Sharing our experience building complex environments (DevOps project)

Recently Team Work Spirit designed and implemented the solution for development and production environments using an unusual approach and combination of technologies, and we’d love to share this experience with other teams who consider building complex architecture in AWS.

Fundopolis, our client, built a whole new approach to investing; a new financial system and community that makes it simpler, more approachable and more enjoyable. So that everyone and anyone can invest in the people and ideas that matter to them.

Our task as DevOps team was to define and start building hosting setup for development, staging, production, and CI/CD, all in the cloud.

Technologies used in the project:

– AWS (VPC, CloudTrail, IAM, ECS, ELB, CloudWatch, EC2, ASG, ECR, RDS, S3, S3 Glacier, KMS, DAX, Route53, CloudFront, CloudFormation, AWS Backup, DynamoDB)
– Jenkins;
– Apache ModSecurity proxy;
– OpenVPN AS to manage access to different parts of the app;
– CloudFlare to protect and accelerate the web app online;
– Docker;
– Graylog;
– Zabbix;
– Grafana;
– Varnish;
– created webhooks for third-party services (Auth0, Netki)

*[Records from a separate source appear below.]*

(* Let $\omega\in\mathbb C\setminus\{0\}$ be fixed. There is exactly one pair of series $\mathsf W(x)\in\mathbb C[x][[t]]$ and $\mathsf H(x,y)\in\mathbb C[x,y][[t]]$ satisfying \[ \mathsf W(x)=x^2t\,\mathsf W(x)^2+\omega x t\,\mathsf H(x,0)+\omega^{-1}xt\,\mathsf H(0,x)+1 \] and \[ \mathsf H(x,y)=\mathsf W(x)\mathsf W(y)+\frac{\omega^{-1}}{y}\big(\mathsf H(x,y)-\mathsf H(x,0)\big)+\frac{\omega}{x}\big(\mathsf H(x,y)-\mathsf H(0,y)\big). \]
   Context: Here $\mathbb C[x][[t]]$ denotes formal power series in $t$ whose coefficients are polynomials in $x$ (similarly for $\mathbb C[x,y][[t]]$). The expressions $(\mathsf H(x,y)-\mathsf H(x,0))/y$ and $(\mathsf H(x,y)-\mathsf H(0,y))/x$ are again in $\mathbb C[x,y][[t]]$. *)

theory Defs
  imports "HOL-Computational_Algebra.Polynomial" "HOL-Computational_Algebra.Formal_Power_Series"
begin

(* C[x][[t]]  = complex poly fps        (variable x is the poly variable)
   C[x,y][[t]] = complex poly poly fps   (outer poly variable y, inner poly variable x) *)

definition fps_cmap :: "('a::zero \<Rightarrow> 'b::zero) \<Rightarrow> 'a fps \<Rightarrow> 'b fps" where
  "fps_cmap f F = Abs_fps (\<lambda>n. f (fps_nth F n))"

definition sub_y0 :: "complex poly poly \<Rightarrow> complex poly" where
  "sub_y0 p = coeff p 0"

(* H(0,y) : substitute x = 0 (result is a polynomial in y, returned as a univariate poly) *)
definition sub_x0 :: "complex poly poly \<Rightarrow> complex poly" where
  "sub_x0 p = map_poly (\<lambda>c. poly c 0) p"

definition as_x :: "complex poly \<Rightarrow> complex poly poly" where
  "as_x p = [:p:]"
definition as_y :: "complex poly \<Rightarrow> complex poly poly" where
  "as_y p = map_poly (\<lambda>c. [:c:]) p"

definition divY :: "complex poly poly \<Rightarrow> complex poly poly" where
  "divY p = (p - as_x (sub_y0 p)) div [:0, 1:]"

definition divX :: "complex poly poly \<Rightarrow> complex poly poly" where
  "divX p = (p - as_y (sub_x0 p)) div [:[:0, 1:]:]"

end

theory Submission imports Defs begin

unbundle fps_syntax

text \<open>For fixed \<open>W\<close>, the second equation says, coefficientwise in \<open>t\<close>, that \<open>H\<^sub>n = P\<^sub>n + N H\<^sub>n\<close>
  with \<open>P = W(x) W(y)\<close> and \<open>N = \<omega>\<^sup>-\<^sup>1 \<Delta>\<^sub>y + \<omega> \<Delta>\<^sub>x\<close>, where \<open>\<Delta>\<^sub>x, \<Delta>\<^sub>y\<close> are the two divided differences.
  Since \<open>N\<close> strictly lowers the total degree in \<open>x, y\<close>, it is locally nilpotent, so \<open>H\<^sub>n\<close> is
  uniquely determined, namely \<open>H\<^sub>n = \<Sum>\<^sub>k N\<^sup>k P\<^sub>n\<close>. Substituting this \<open>H\<close> into the first equation
  gives a fixed-point equation \<open>W = \<Phi> W\<close> in which the coefficient of \<open>t\<^sup>n\<close> of \<open>\<Phi> W\<close> depends only
  on the coefficients of \<open>W\<close> below \<open>t\<^sup>n\<close>; such an equation has exactly one solution.\<close>

lemma unique_solution_if_locally_nilpotent:
  fixes N :: "'a::ab_group_add \<Rightarrow> 'a"
  assumes additive: "\<And>x y. N (x + y) = N x + N y"
    and nilpotent: "\<And>x. \<exists>k. (N ^^ k) x = 0"
  shows "\<exists>!h. h = p + N h"
proof -
  have N_0: "N 0 = 0"
    using additive[of 0 0] by simp
  have N_diff: "N (x - y) = N x - N y" for x y
    using additive[of "x - y" y] by (simp add: eq_diff_eq)
  obtain K where K: "(N ^^ K) p = 0"
    using nilpotent by blast
  define h where "h = (\<Sum>k<K. (N ^^ k) p)"
  have "N h = (\<Sum>k<K. (N ^^ Suc k) p)"
    using sum_comp_morphism[of N, OF N_0 additive, of "\<lambda>k. (N ^^ k) p" "{..<K}"]
    by (simp add: h_def comp_def)
  also have "\<dots> = (\<Sum>k<Suc K. (N ^^ k) p) - p"
    by (subst sum.lessThan_Suc_shift) simp
  also have "\<dots> = h - p"
    using K by (simp add: h_def)
  finally have solution: "h = p + N h"
    by simp
  have "h' = h" if h': "h' = p + N h'" for h'
  proof -
    have fixed: "N (h' - h) = h' - h"
      using h' solution N_diff by (metis add_diff_cancel_left)
    have "(N ^^ k) (h' - h) = h' - h" for k
      by (induction k) (simp_all add: fixed)
    then show ?thesis
      using nilpotent[of "h' - h"] by auto
  qed
  with solution show ?thesis
    by blast
qed

lemma poly_shift_1_eq_div:
  fixes q :: "'a::idom_divide poly"
  shows "(q - [:coeff q 0:]) div [:0, 1:] = poly_shift 1 q"
proof -
  have "q - [:coeff q 0:] = [:0, 1:] * poly_shift 1 q"
    by (rule poly_eqI) (auto simp: coeff_pCons coeff_poly_shift split: nat.split)
  then show ?thesis
    by (metis nonzero_mult_div_cancel_left pCons_eq_0_iff zero_neq_one)
qed

lemma divY_eq_poly_shift: "divY p = poly_shift 1 p"
  unfolding divY_def as_x_def sub_y0_def by (rule poly_shift_1_eq_div)

lemma divX_eq_map_poly_shift: "divX p = map_poly (poly_shift 1) p"
proof -
  have "p - as_y (sub_x0 p) = [:[:0, 1:]:] * map_poly (poly_shift 1) p"
  proof (rule poly_eqI)
    fix i
    let ?c = "coeff p i"
    have "?c - [:coeff ?c 0:] = [:0, 1:] * poly_shift 1 ?c"
      by (rule poly_eqI) (auto simp: coeff_pCons coeff_poly_shift split: nat.split)
    then show "coeff (p - as_y (sub_x0 p)) i = coeff ([:[:0, 1:]:] * map_poly (poly_shift 1) p) i"
      by (simp add: as_y_def sub_x0_def coeff_map_poly poly_0_coeff_0)
  qed
  then show ?thesis
    unfolding divX_def by (metis nonzero_mult_div_cancel_left pCons_eq_0_iff zero_neq_one)
qed

text \<open>With \<open>y\<close> the outer variable, this is \<open>a \<Delta>\<^sub>y + b \<Delta>\<^sub>x\<close>.\<close>

definition divdiff_comb :: "'a \<Rightarrow> 'a \<Rightarrow> 'a::comm_ring_1 poly poly \<Rightarrow> 'a poly poly" where
  "divdiff_comb a b p = [:[:a:]:] * poly_shift 1 p + [:[:b:]:] * map_poly (poly_shift 1) p"

lemma coeff_coeff_divdiff_comb:
  "coeff (coeff (divdiff_comb a b p) i) j
     = a * coeff (coeff p (Suc i)) j + b * coeff (coeff p i) (Suc j)"
  by (simp add: divdiff_comb_def coeff_poly_shift coeff_map_poly)

lemma divdiff_comb_add: "divdiff_comb a b (p + q) = divdiff_comb a b p + divdiff_comb a b q"
  by (intro poly_eqI) (simp add: coeff_coeff_divdiff_comb algebra_simps)

definition total_degree_below :: "nat \<Rightarrow> 'a::zero poly poly \<Rightarrow> bool" where
  "total_degree_below D p \<longleftrightarrow> (\<forall>i j. D \<le> i + j \<longrightarrow> coeff (coeff p i) j = 0)"

lemma total_degree_below_exists: "\<exists>D. total_degree_below D p"
proof
  let ?D = "Suc (degree p + (\<Sum>i\<le>degree p. degree (coeff p i)))"
  show "total_degree_below ?D p"
    unfolding total_degree_below_def
  proof (intro allI impI)
    fix i j
    assume ij: "?D \<le> i + j"
    show "coeff (coeff p i) j = 0"
    proof (cases "i \<le> degree p")
      case True
      then have "degree (coeff p i) \<le> (\<Sum>i\<le>degree p. degree (coeff p i))"
        by (intro member_le_sum) auto
      with ij True have "degree (coeff p i) < j"
        by linarith
      then show ?thesis
        by (simp add: coeff_eq_0)
    qed (simp add: coeff_eq_0)
  qed
qed

lemma total_degree_below_0: "total_degree_below 0 p \<Longrightarrow> p = 0"
  unfolding total_degree_below_def by (auto intro!: poly_eqI)

lemma total_degree_below_divdiff_comb:
  "total_degree_below (Suc D) p \<Longrightarrow> total_degree_below D (divdiff_comb a b p)"
  unfolding total_degree_below_def by (simp add: coeff_coeff_divdiff_comb)

lemma divdiff_comb_locally_nilpotent: "\<exists>k. (divdiff_comb a b ^^ k) p = 0"
proof -
  obtain D where D: "total_degree_below D p"
    using total_degree_below_exists by blast
  have "total_degree_below (D - k) ((divdiff_comb a b ^^ k) p)" for k
  proof (induction k)
    case (Suc k)
    then show ?case
      by (cases "D - k") (auto intro: total_degree_below_divdiff_comb
          simp: total_degree_below_def coeff_coeff_divdiff_comb)
  qed (simp add: D)
  then have "total_degree_below 0 ((divdiff_comb a b ^^ D) p)"
    by (metis diff_self_eq_0)
  then show ?thesis
    using total_degree_below_0 by blast
qed

lemma divdiff_comb_unique_solution: "\<exists>!h. h = p + divdiff_comb a b h"
  by (rule unique_solution_if_locally_nilpotent[OF divdiff_comb_add divdiff_comb_locally_nilpotent])

lemma fps_cmap_nth [simp]: "fps_cmap f F $ n = f (F $ n)"
  by (simp add: fps_cmap_def)

lemma fps_const_divY_divX:
  "fps_const [:[:a:]:] * fps_cmap divY H + fps_const [:[:b:]:] * fps_cmap divX H
     = fps_cmap (divdiff_comb a b) H"
  by (simp add: fps_eq_iff divdiff_comb_def divY_eq_poly_shift divX_eq_map_poly_shift)

lemma fps_cmap_fixpoint_iff:
  assumes unique: "\<And>p. \<exists>!h. h = p + N h"
  shows "H = P + fps_cmap N H \<longleftrightarrow> H = fps_cmap (\<lambda>p. THE h. h = p + N h) P"
proof -
  have "H $ n = P $ n + N (H $ n) \<longleftrightarrow> H $ n = (THE h. h = P $ n + N h)" for n
  proof
    assume "H $ n = P $ n + N (H $ n)"
    then show "H $ n = (THE h. h = P $ n + N h)"
      by (rule the1_equality[OF unique, symmetric])
  next
    assume H_n: "H $ n = (THE h. h = P $ n + N h)"
    show "H $ n = P $ n + N (H $ n)"
      unfolding H_n by (rule theI'[OF unique])
  qed
  then show ?thesis
    by (simp add: fps_eq_iff)
qed

definition fps_eq_below :: "nat \<Rightarrow> 'a::zero fps \<Rightarrow> 'a fps \<Rightarrow> bool" where
  "fps_eq_below n F G \<longleftrightarrow> (\<forall>m<n. F $ m = G $ m)"

lemma fps_eq_below_refl: "fps_eq_below n F F"
  by (simp add: fps_eq_below_def)

lemma fps_eq_below_add:
  "fps_eq_below n F F' \<Longrightarrow> fps_eq_below n G G' \<Longrightarrow> fps_eq_below n (F + G) (F' + G')"
  by (simp add: fps_eq_below_def)

lemma fps_eq_below_mult:
  fixes F :: "'a::comm_semiring_1 fps"
  shows "fps_eq_below n F F' \<Longrightarrow> fps_eq_below n G G' \<Longrightarrow> fps_eq_below n (F * G) (F' * G')"
  unfolding fps_eq_below_def fps_mult_nth by (auto intro!: sum.cong)

lemma fps_eq_below_X_mult:
  fixes F :: "'a::comm_semiring_1 fps"
  shows "fps_eq_below n F F' \<Longrightarrow> fps_eq_below (Suc n) (fps_X * F) (fps_X * F')"
  unfolding fps_eq_below_def by auto

lemma fps_eq_below_cmap: "fps_eq_below n F F' \<Longrightarrow> fps_eq_below n (fps_cmap f F) (fps_cmap f F')"
  by (simp add: fps_eq_below_def)

lemma fps_unique_fixpoint:
  fixes \<Phi> :: "'a::zero fps \<Rightarrow> 'a fps"
  assumes causal: "\<And>F G n. fps_eq_below n F G \<Longrightarrow> fps_eq_below (Suc n) (\<Phi> F) (\<Phi> G)"
  shows "\<exists>!W. W = \<Phi> W"
proof -
  define I where "I k = (\<Phi> ^^ k) 0" for k
  have I_step: "fps_eq_below k (I k) (I (Suc k))" for k
  proof (induction k)
    case (Suc k)
    then show ?case
      using causal[OF Suc.IH] by (simp add: I_def)
  qed (simp add: fps_eq_below_def)
  have I_stable: "fps_eq_below k (I k) (I (k + j))" for k j
  proof (induction j)
    case (Suc j)
    then show ?case
      using I_step[of "k + j"] by (simp add: fps_eq_below_def)
  qed (simp add: fps_eq_below_refl)
  define W where "W = Abs_fps (\<lambda>n. I (Suc n) $ n)"
  have W_below: "fps_eq_below n W (I n)" for n
    unfolding fps_eq_below_def
  proof (intro allI impI)
    fix m
    assume "m < n"
    then obtain j where "n = Suc m + j"
      using less_iff_Suc_add by blast
    then show "W $ m = I n $ m"
      using I_stable[of "Suc m" j] by (simp add: W_def fps_eq_below_def)
  qed
  have "\<Phi> W $ n = I (Suc n) $ n" for n
    using causal[OF W_below[of n]] by (simp add: I_def fps_eq_below_def)
  then have W: "W = \<Phi> W"
    by (simp add: fps_eq_iff W_def)
  moreover have "V = W" if V: "V = \<Phi> V" for V
  proof -
    have "fps_eq_below n V W" for n
    proof (induction n)
      case (Suc n)
      then show ?case
        using causal[OF Suc.IH] by (simp flip: V W)
    qed (simp add: fps_eq_below_def)
    then show ?thesis
      by (auto simp: fps_eq_iff fps_eq_below_def)
  qed
  ultimately show ?thesis
    by blast
qed

lemma ex1_pair_by_graph:
  assumes "\<And>x y. Q x y \<longleftrightarrow> y = f x"
    and "\<exists>!x. P x (f x)"
  shows "\<exists>!(x, y). P x y \<and> Q x y"
  using assms by (auto simp: Ex1_def)

theorem mainTheorem3:
  fixes \<omega> :: complex
  assumes "\<omega> \<noteq> 0"
  shows "\<exists>!(W, H). (W :: complex poly fps) =
             fps_const [:0, 0, 1:] * fps_X * W ^ 2
           + fps_const (smult \<omega> [:0, 1:]) * fps_X * fps_cmap sub_y0 H
           + fps_const (smult (inverse \<omega>) [:0, 1:]) * fps_X * fps_cmap sub_x0 H
           + 1
         \<and> (H :: complex poly poly fps) =
             fps_cmap as_x W * fps_cmap as_y W
           + fps_const [:[:inverse \<omega>:]:] * fps_cmap divY H
           + fps_const [:[:\<omega>:]:] * fps_cmap divX H"
proof (rule ex1_pair_by_graph)
  define Hof where "Hof W = fps_cmap (\<lambda>p. THE h. h = p + divdiff_comb (inverse \<omega>) \<omega> h)
    (fps_cmap as_x W * fps_cmap as_y W)" for W :: "complex poly fps"
  show "H = fps_cmap as_x W * fps_cmap as_y W
           + fps_const [:[:inverse \<omega>:]:] * fps_cmap divY H
           + fps_const [:[:\<omega>:]:] * fps_cmap divX H \<longleftrightarrow> H = Hof W" for W H
    unfolding add.assoc fps_const_divY_divX Hof_def
    by (rule fps_cmap_fixpoint_iff[OF divdiff_comb_unique_solution])
  show "\<exists>!W. W = fps_const [:0, 0, 1:] * fps_X * W ^ 2
           + fps_const (smult \<omega> [:0, 1:]) * fps_X * fps_cmap sub_y0 (Hof W)
           + fps_const (smult (inverse \<omega>) [:0, 1:]) * fps_X * fps_cmap sub_x0 (Hof W)
           + 1"
    unfolding Hof_def mult.assoc power2_eq_square
    by (intro fps_unique_fixpoint fps_eq_below_add fps_eq_below_mult fps_eq_below_X_mult
        fps_eq_below_cmap fps_eq_below_refl)
qed

end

The project was delivered in 3 phases:

1) an analysis of the hosting needs based on the architecture outline and deployment plan and creation of a hosting plan including which services should be acquired for each environment, specifications for the security configuration, and an outline plan for future scaling;

2) implementation of a development environment using infrastructure as code;

3) creating of CI/CD pipelines; implementation of the production environment using infrastructure as code.

Some issues we faced and the solutions we implemented:

1) Monitoring. We decided to use Zabbix as a third-party monitoring system for all nodes in order to get more metrics than CloudWatch can provide. Unfortunately, ECS clusters can use only Amazon Linux as an OS for EC2 instances, and Zabbix doesn’t have a client for it. We implemented the workaround to handle this issue with Docker. Zabbix runs in Docker containers on ECS cluster’s instances. This solution enabled us to use the standard image and not to compile it out of Zabbix agent source code.

2) IAM roles and policies. It took much time to choose the proper IAM roles to distribute access rights the right way to specific users. Switching roles between accounts was required, and they should be assumed properly with appropriate policies: which user can assume the role and from which account.
We had 3 different accounts with specific services and these services should get access to each other, often this access should be limited.

3) KMS. KMS was integrated with S3 and IAM, as only specific users should have access to the data stored in S3 (it was defined by IAM roles and policies), and the data were encrypted with KMS keys. We replicated data encrypting them at the same time. As far as replication is involved, users get access to the key to decrypt the files and another key is used to encrypt the data which gets replicated to another region.
We created the CloudFormation template in which KMS keys were specified – the key for decryption and the key for encrypting the file replicated into another region.

4) ECS. All the services used in the environment are launched via user data, so it’s so much important and requires a lot of attention to details when we create a CloudFormation template.

The complexity of the project is caused by the need in 3 accounts: Jenkins does CI/CD jobs for all of them, Garylog collects logs from all services used in these 3 accounts.